What can be done to move cross-validation from a research idea to a routine step in Bayesian data analysis?

Cross-validation is a method for evaluating model using the following steps: (1) remove part of the data, (2) fit the model the smaller dataset excluding the removed part, (3) use the fitted model to predict the removed part, (4) summarizing the prediction error by comparing to the actual left-out data. The entire procedure can then be repeated with different pieces of data left out. Various versions of cross-validation compare to different choices of leaving out data--for example, removing just one point, or removing a randomly-selected 1/10 of the data, or removing half the data.

Several conceptual and computational challenges arise when attempting to apply cross-validation for Bayesian multilevel modeling.

**Background on cross-validation**

Unlike predictive checking (which is a method to discover ways in which a particular model does not fit the data), cross-validation is used to estimate the predictive error of a model and to compare models (choosing the model with lower estimated predictive error).

**Computational challenges**

With leave-one-out cross-validation, the model must be re-fit n times. That can take a long time, since fitting a Bayesian model even once can require iterative computation!

In classical regression, there are analytic formulas for estimates and predictions with one data point removed. But for full Bayesian computation, there are no such formulas.

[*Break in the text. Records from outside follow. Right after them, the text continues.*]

lemma (in prob_space) warm_residual_second_moment:
  fixes A1 \<mu> \<Xi> :: "'a \<Rightarrow> real^'n" and P :: "real^'n^'n"
  assumes P: "orth_proj P"
    and A1: "square_integrable M A1" and \<mu>: "square_integrable M \<mu>"
    and D: "\<And>i. distributed M lborel (\<lambda>\<omega>. \<Xi> \<omega> $ i) std_normal_density"
    and indep_coords: "indep_vars (\<lambda>_. borel) (\<lambda>i \<omega>. \<Xi> \<omega> $ i) UNIV"
    and indep: "indep_set
           {\<Xi> -` S \<inter> space M | S. S \<in> sets (borel :: (real^'n) measure)}
           {(\<lambda>\<omega>. (A1 \<omega>, \<mu> \<omega>)) -` S \<inter> space M | S. S \<in> sets (borel :: ((real^'n) \<times> (real^'n)) measure)}"
  shows "(\<integral>\<^sup>+\<omega>. ennreal ((norm (P *v (A1 \<omega> - \<mu> \<omega>) - \<sigma> *\<^sub>R (P *v \<Xi> \<omega>)))^2) \<partial>M)
           = (\<integral>\<^sup>+\<omega>. ennreal ((norm (P *v (A1 \<omega> - \<mu> \<omega>)))^2) \<partial>M) + ennreal (\<sigma>^2 * trace P)"
proof -
  note moments = std_normal_vec_moments[OF D indep_coords]
  define W where "W = (\<lambda>\<omega>. P *v (A1 \<omega> - \<mu> \<omega>))"
  define Z where "Z = (\<lambda>\<omega>. \<sigma> *\<^sub>R (P *v \<Xi> \<omega>))"
  have [measurable]: "A1 \<in> borel_measurable M" "\<mu> \<in> borel_measurable M" "\<Xi> \<in> borel_measurable M"
    using A1 \<mu> moments(1) by (simp_all add: square_integrable_def)
  have W: "square_integrable M W"
    unfolding W_def by (intro square_integrable_matrix_vector_mult square_integrable_diff A1 \<mu>)
  have Z: "square_integrable M Z"
    unfolding Z_def by (intro square_integrable_scaleR square_integrable_matrix_vector_mult moments(1))
  have "(\<lambda>p. P *v (fst p - snd p)) \<in> borel_measurable borel"
    by (intro borel_measurable_matrix_vector_mult borel_measurable_continuous_onI continuous_intros)
  then have indep_ZW: "indep_var borel Z borel W"
    using indep_var_compose_of_indep_set_preimages[OF _ _ _ _ indep,
        where g = "\<lambda>v. \<sigma> *\<^sub>R (P *v v)" and h = "\<lambda>p. P *v (fst p - snd p)" and N = borel]
    by (simp add: Z_def W_def)
  have mean_Z: "expectation (\<lambda>\<omega>. Z \<omega> $ i) = 0" for i
    using moments(1,2)
    by (simp add: Z_def matrix_vector_mult_def square_integrable_vec_iff
        integrable_of_square_integrable Bochner_Integration.integrable_sum)
  have "expectation (\<lambda>\<omega>. (norm (Z \<omega>))^2) = \<sigma>^2 * trace P"
    using expectation_norm_sq_matrix_std_normal[OF D indep_coords, of P] sum_power2_entries_orth_proj[OF P]
    by (simp add: Z_def power_mult_distrib)
  then have "expectation (\<lambda>\<omega>. (norm (W \<omega> - Z \<omega>))^2) = expectation (\<lambda>\<omega>. (norm (W \<omega>))^2) + \<sigma>^2 * trace P"
    using expectation_norm_sq_diff_indep[OF indep_ZW W Z mean_Z] by simp
  moreover have "0 \<le> trace P"
    unfolding sum_power2_entries_orth_proj[OF P, symmetric] by (intro sum_nonneg zero_le_power2)
  ultimately show ?thesis
    unfolding nn_integral_norm_sq_eq_integral[OF square_integrable_diff[OF W Z], unfolded W_def Z_def]
      nn_integral_norm_sq_eq_integral[OF W, unfolded W_def]
    by (simp add: W_def Z_def ennreal_plus)
qed

lemma ennreal_inverse_square_mult_le: "ennreal (1 / x^2) * (ennreal (x^2) * c) \<le> c"
proof -
  \<comment> \<open>For \<open>x = 0\<close> the factor \<open>1 / x^2\<close> is \<open>0\<close>: in HOL, division by zero yields zero.\<close>
  have "ennreal (1 / x^2) * ennreal (x^2) \<le> 1"
    by (cases "x = 0") (simp_all add: ennreal_mult'[symmetric])
  then show ?thesis
    using mult_right_mono[of _ 1 c] by (simp add: mult.assoc[symmetric])
qed

theorem propositionB2:
  fixes M :: "'a measure"
    and P :: "real^'n^'n"
    and A1 \<mu> \<Xi> :: "'a \<Rightarrow> real^'n"
    and \<sigma> :: real
  assumes "prob_space M"
    and "orth_proj P"
    and "A1 \<in> borel_measurable M" and "\<mu> \<in> borel_measurable M" and "\<Xi> \<in> borel_measurable M"
    and "integrable M (\<lambda>\<omega>. (norm (A1 \<omega>))^2)"
    and "integrable M (\<lambda>\<omega>. (norm (\<mu> \<omega>))^2)"
    and "\<sigma> > 0"
    and "\<And>i. distributed M lborel (\<lambda>\<omega>. \<Xi> \<omega> $ i) std_normal_density"
    and "prob_space.indep_vars M (\<lambda>_. borel) (\<lambda>i \<omega>. \<Xi> \<omega> $ i) UNIV"
    and "prob_space.indep_set M
           {\<Xi> -` S \<inter> space M | S. S \<in> sets (borel :: (real^'n) measure)}
           {(\<lambda>\<omega>. (A1 \<omega>, \<mu> \<omega>)) -` S \<inter> space M | S. S \<in> sets (borel :: ((real^'n) \<times> (real^'n)) measure)}"
  shows "branching_cost_W M P (warm_source P \<sigma> \<mu> \<Xi>) A1
           \<le> (\<integral>\<^sup>+ \<omega>. ennreal ((norm (P *v (A1 \<omega> - \<mu> \<omega>)))^2) \<partial>M)
              + ennreal (\<sigma>^2 * trace P)"
proof -
  interpret prob_space M by fact
  define R where "R = (\<integral>\<^sup>+ \<omega>. ennreal ((norm (P *v (A1 \<omega> - \<mu> \<omega>)))^2) \<partial>M) + ennreal (\<sigma>^2 * trace P)"
  have A1: "square_integrable M A1" and \<mu>: "square_integrable M \<mu>"
    using assms(3,4,6,7) by (simp_all add: square_integrable_def)
  have \<Xi>: "square_integrable M \<Xi>" by (rule std_normal_vec_moments(1)[OF assms(9,10)])
  have A0: "square_integrable M (warm_source P \<sigma> \<mu> \<Xi>)"
    unfolding warm_source_def[abs_def]
    by (intro square_integrable_add square_integrable_matrix_vector_mult square_integrable_scaleR \<mu> \<Xi>)
  have idem: "P ** P = P" using assms(2) by (simp add: orth_proj_def)
  have residual: "(\<integral>\<^sup>+\<omega>. ennreal ((norm (P *v A1 \<omega> - P *v warm_source P \<sigma> \<mu> \<Xi> \<omega>))^2) \<partial>M) = R"
    unfolding R_def proj_diff_warm_source[OF idem]
    by (rule warm_residual_second_moment[OF assms(2) A1 \<mu> assms(9-11)])
  define cost where "cost t =
    (\<integral>\<^sup>+\<omega>. ennreal ((norm (P *v A1 \<omega> - cond_exp_vec M (interp (warm_source P \<sigma> \<mu> \<Xi>) A1 t) (\<lambda>\<eta>. P *v A1 \<eta>) \<omega>))^2) \<partial>M)"
    for t
  have "cost t \<le> ennreal ((1 - t)^2) * R" for t
    unfolding cost_def residual[symmetric] by (rule cond_exp_vec_proj_interp_le[OF finite_measure_axioms A0 A1])
  then have "ennreal (1 / (1 - t)^2) * cost t \<le> R" for t
    by (rule order_trans[OF mult_left_mono ennreal_inverse_square_mult_le]) simp
  then have "indicator {0..1} t * ennreal (1 / (1 - t)^2) * cost t \<le> indicator {0..1} t * R" for t :: real
    by (simp add: mult.assoc mult_left_mono)
  then have "branching_cost_W M P (warm_source P \<sigma> \<mu> \<Xi>) A1 \<le> (\<integral>\<^sup>+ t. indicator {0..1::real} t * R \<partial>lborel)"
    unfolding branching_cost_W_def by (intro nn_integral_mono) (simp add: cost_def)
  also have "\<dots> = R" by (simp add: nn_integral_cmult_indicator mult.commute)
  finally show ?thesis unfolding R_def .
qed

end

Importance sampling has sometimes been suggested as a solution: if the posterior distribution is p(theta|y), and we remove data point y_i, then the leave-one-out posterior distribution is p(theta|y_{-i}), which is proportional to p(theta|y)/p(y_i|theta). One could then just use draws of theta from the posterior distribution and weight by 1/p(y_i|theta). However, this isn't a great practical solution since the weights, 1/p(y_i|theta), are unbounded, so the importance-weighted estimate can be unstable.

I suspect a better approach would be to use importance resampling (that is, sampling without replacement from the posterior draws of theta using 1/p(y_i|theta) as sampling weights) to get a few draws from an approximate leave-one-out posterior distribution, and then use a few steps of Metropolis updating to get closer.

For particular models (such as hierarchical linear and generalized linear models) it would also seem reasonable to try various approximations, for example estimating predictive errors conditional on the posterior distribution of the hyperparameters. If we avoid re-estimating hyperparameters, the computation becomes much quicker--basically, it's classical regression--and this should presumably be reasonable when the number of groups is high (another example of the blessing of dimensionality!).

**Leaving out larger chunks; fewer replications**

The computational cost of performing each cross-validation suggests that it might be better to do fewer. For example, instead of leaving out one data point and repeating n times, we could leave out 1/10 of the data and repeat 10 times.

**Multilevel models: cross-validating clusters**

When data have a multilevel (hierarchical) structure, it would make sense to cross-validate by leaving out data individually or in clusters, for example, leaving out a student within a school or leaving out an entire school. The two cross-validations test different things. Thus, there would be a cross-validation at each level of the model (just as there is an R-squared at each level).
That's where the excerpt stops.